- [YOUR GOAL]: Please output the section of the listing below that opens with the line containing "(intro order_tendstoD) auto" and closes with the line containing "using finite_lists_length_eq[OF finite_H] .", exactly and with nothing else.

- [DATASET EXTRACT]:
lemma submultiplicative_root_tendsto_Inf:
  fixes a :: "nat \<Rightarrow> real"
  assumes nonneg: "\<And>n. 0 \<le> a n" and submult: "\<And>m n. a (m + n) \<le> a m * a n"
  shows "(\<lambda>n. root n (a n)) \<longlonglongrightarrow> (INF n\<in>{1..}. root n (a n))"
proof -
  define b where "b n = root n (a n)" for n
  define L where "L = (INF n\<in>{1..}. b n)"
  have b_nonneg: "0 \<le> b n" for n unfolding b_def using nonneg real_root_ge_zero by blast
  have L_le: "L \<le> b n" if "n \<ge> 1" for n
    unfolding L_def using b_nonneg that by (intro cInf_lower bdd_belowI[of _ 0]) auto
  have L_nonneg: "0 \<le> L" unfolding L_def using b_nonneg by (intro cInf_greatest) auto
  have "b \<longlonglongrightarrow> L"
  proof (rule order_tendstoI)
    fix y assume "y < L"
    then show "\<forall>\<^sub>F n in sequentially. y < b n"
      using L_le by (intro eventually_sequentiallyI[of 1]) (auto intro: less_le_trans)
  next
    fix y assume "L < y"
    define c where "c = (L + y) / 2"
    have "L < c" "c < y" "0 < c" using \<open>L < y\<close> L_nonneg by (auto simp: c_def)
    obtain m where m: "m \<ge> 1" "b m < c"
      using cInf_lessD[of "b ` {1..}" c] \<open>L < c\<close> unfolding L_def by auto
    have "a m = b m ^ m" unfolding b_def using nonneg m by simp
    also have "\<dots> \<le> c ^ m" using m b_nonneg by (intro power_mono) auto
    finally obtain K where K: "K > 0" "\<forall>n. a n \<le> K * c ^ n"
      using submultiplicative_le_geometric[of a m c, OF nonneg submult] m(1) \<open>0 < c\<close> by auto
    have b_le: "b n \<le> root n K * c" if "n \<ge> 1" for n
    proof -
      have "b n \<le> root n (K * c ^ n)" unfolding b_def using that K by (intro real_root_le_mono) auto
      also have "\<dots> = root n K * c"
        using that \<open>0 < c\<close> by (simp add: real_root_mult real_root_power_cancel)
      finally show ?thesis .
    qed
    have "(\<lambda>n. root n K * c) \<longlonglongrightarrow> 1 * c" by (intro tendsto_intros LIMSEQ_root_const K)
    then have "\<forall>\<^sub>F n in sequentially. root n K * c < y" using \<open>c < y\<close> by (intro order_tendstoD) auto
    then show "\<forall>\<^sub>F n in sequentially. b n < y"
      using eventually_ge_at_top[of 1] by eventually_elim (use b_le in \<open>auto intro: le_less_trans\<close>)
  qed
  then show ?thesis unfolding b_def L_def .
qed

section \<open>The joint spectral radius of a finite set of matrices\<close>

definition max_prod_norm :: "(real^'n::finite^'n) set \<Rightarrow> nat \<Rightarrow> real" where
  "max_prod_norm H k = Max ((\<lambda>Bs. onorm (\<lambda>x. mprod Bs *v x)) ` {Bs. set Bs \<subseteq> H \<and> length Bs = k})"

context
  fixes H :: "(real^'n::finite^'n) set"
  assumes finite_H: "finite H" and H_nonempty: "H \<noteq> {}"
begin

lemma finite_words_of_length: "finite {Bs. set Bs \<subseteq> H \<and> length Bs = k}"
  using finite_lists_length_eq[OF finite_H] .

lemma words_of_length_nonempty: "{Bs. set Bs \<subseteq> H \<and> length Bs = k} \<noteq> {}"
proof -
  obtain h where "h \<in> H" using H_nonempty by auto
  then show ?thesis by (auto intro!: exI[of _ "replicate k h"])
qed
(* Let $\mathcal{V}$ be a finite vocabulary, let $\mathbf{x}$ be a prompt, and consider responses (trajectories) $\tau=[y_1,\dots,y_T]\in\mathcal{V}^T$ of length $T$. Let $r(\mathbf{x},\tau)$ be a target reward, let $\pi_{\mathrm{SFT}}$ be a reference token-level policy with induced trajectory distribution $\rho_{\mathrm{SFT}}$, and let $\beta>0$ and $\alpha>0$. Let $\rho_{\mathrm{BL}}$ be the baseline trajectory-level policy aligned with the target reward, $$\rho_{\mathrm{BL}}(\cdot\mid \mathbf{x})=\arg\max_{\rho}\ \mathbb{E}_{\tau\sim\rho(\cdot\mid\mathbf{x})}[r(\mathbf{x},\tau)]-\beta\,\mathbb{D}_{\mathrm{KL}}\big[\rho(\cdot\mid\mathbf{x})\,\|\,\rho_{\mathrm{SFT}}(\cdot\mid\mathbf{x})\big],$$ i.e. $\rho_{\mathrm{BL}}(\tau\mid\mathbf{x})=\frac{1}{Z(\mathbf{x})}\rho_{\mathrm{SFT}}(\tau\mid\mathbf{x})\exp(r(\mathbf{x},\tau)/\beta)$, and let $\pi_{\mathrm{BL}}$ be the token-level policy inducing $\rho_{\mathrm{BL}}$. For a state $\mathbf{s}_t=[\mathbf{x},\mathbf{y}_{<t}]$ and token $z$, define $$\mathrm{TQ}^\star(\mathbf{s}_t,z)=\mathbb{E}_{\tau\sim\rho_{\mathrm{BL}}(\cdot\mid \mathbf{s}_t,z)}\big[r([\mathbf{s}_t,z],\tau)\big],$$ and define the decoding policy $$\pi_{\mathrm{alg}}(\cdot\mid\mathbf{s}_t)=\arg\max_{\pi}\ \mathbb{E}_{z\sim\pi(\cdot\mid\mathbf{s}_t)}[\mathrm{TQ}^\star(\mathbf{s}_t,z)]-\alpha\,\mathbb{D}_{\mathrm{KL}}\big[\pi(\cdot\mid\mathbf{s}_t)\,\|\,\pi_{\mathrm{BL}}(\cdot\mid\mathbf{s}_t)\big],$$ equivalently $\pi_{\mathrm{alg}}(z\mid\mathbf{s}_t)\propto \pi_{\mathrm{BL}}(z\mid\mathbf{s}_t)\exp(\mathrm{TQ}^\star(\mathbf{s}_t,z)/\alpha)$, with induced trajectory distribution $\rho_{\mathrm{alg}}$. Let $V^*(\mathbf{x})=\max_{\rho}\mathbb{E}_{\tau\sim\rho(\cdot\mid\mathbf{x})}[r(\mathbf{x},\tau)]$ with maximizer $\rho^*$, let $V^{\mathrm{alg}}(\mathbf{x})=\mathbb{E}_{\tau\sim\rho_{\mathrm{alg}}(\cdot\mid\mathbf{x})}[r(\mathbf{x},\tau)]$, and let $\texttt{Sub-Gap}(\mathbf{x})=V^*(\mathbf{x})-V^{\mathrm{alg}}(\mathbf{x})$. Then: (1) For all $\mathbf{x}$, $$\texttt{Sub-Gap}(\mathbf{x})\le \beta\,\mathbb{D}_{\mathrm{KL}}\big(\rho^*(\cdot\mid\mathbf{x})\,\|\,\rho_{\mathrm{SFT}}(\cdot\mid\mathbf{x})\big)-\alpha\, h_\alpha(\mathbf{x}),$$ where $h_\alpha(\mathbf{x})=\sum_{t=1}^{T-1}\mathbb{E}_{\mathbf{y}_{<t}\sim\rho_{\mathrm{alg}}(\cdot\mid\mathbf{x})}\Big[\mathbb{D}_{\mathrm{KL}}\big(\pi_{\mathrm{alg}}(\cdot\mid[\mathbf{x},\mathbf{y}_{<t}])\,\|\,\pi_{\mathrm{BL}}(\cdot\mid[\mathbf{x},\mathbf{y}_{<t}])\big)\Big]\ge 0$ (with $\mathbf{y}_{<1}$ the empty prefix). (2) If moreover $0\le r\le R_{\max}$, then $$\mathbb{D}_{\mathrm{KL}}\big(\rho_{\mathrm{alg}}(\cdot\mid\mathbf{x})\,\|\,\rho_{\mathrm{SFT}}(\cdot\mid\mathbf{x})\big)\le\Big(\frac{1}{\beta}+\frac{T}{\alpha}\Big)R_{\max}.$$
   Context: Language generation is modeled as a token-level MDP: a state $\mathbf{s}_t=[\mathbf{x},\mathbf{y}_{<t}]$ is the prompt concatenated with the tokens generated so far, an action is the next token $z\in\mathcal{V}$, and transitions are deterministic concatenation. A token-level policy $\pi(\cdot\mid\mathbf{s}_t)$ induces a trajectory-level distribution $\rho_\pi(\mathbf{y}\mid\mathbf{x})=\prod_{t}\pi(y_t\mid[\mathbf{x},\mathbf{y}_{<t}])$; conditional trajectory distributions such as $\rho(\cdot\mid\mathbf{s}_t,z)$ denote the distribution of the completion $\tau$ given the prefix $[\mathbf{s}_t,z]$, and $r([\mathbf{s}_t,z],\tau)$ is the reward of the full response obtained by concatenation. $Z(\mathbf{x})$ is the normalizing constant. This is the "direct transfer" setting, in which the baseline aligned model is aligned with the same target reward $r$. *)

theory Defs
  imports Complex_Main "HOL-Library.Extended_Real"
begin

- [EXERCISE OUTPUT]:
    then have "\<forall>\<^sub>F n in sequentially. root n K * c < y" using \<open>c < y\<close> by (intro order_tendstoD) auto
    then show "\<forall>\<^sub>F n in sequentially. b n < y"
      using eventually_ge_at_top[of 1] by eventually_elim (use b_le in \<open>auto intro: le_less_trans\<close>)
  qed
  then show ?thesis unfolding b_def L_def .
qed

section \<open>The joint spectral radius of a finite set of matrices\<close>

definition max_prod_norm :: "(real^'n::finite^'n) set \<Rightarrow> nat \<Rightarrow> real" where
  "max_prod_norm H k = Max ((\<lambda>Bs. onorm (\<lambda>x. mprod Bs *v x)) ` {Bs. set Bs \<subseteq> H \<and> length Bs = k})"

context
  fixes H :: "(real^'n::finite^'n) set"
  assumes finite_H: "finite H" and H_nonempty: "H \<noteq> {}"
begin

lemma finite_words_of_length: "finite {Bs. set Bs \<subseteq> H \<and> length Bs = k}"
  using finite_lists_length_eq[OF finite_H] .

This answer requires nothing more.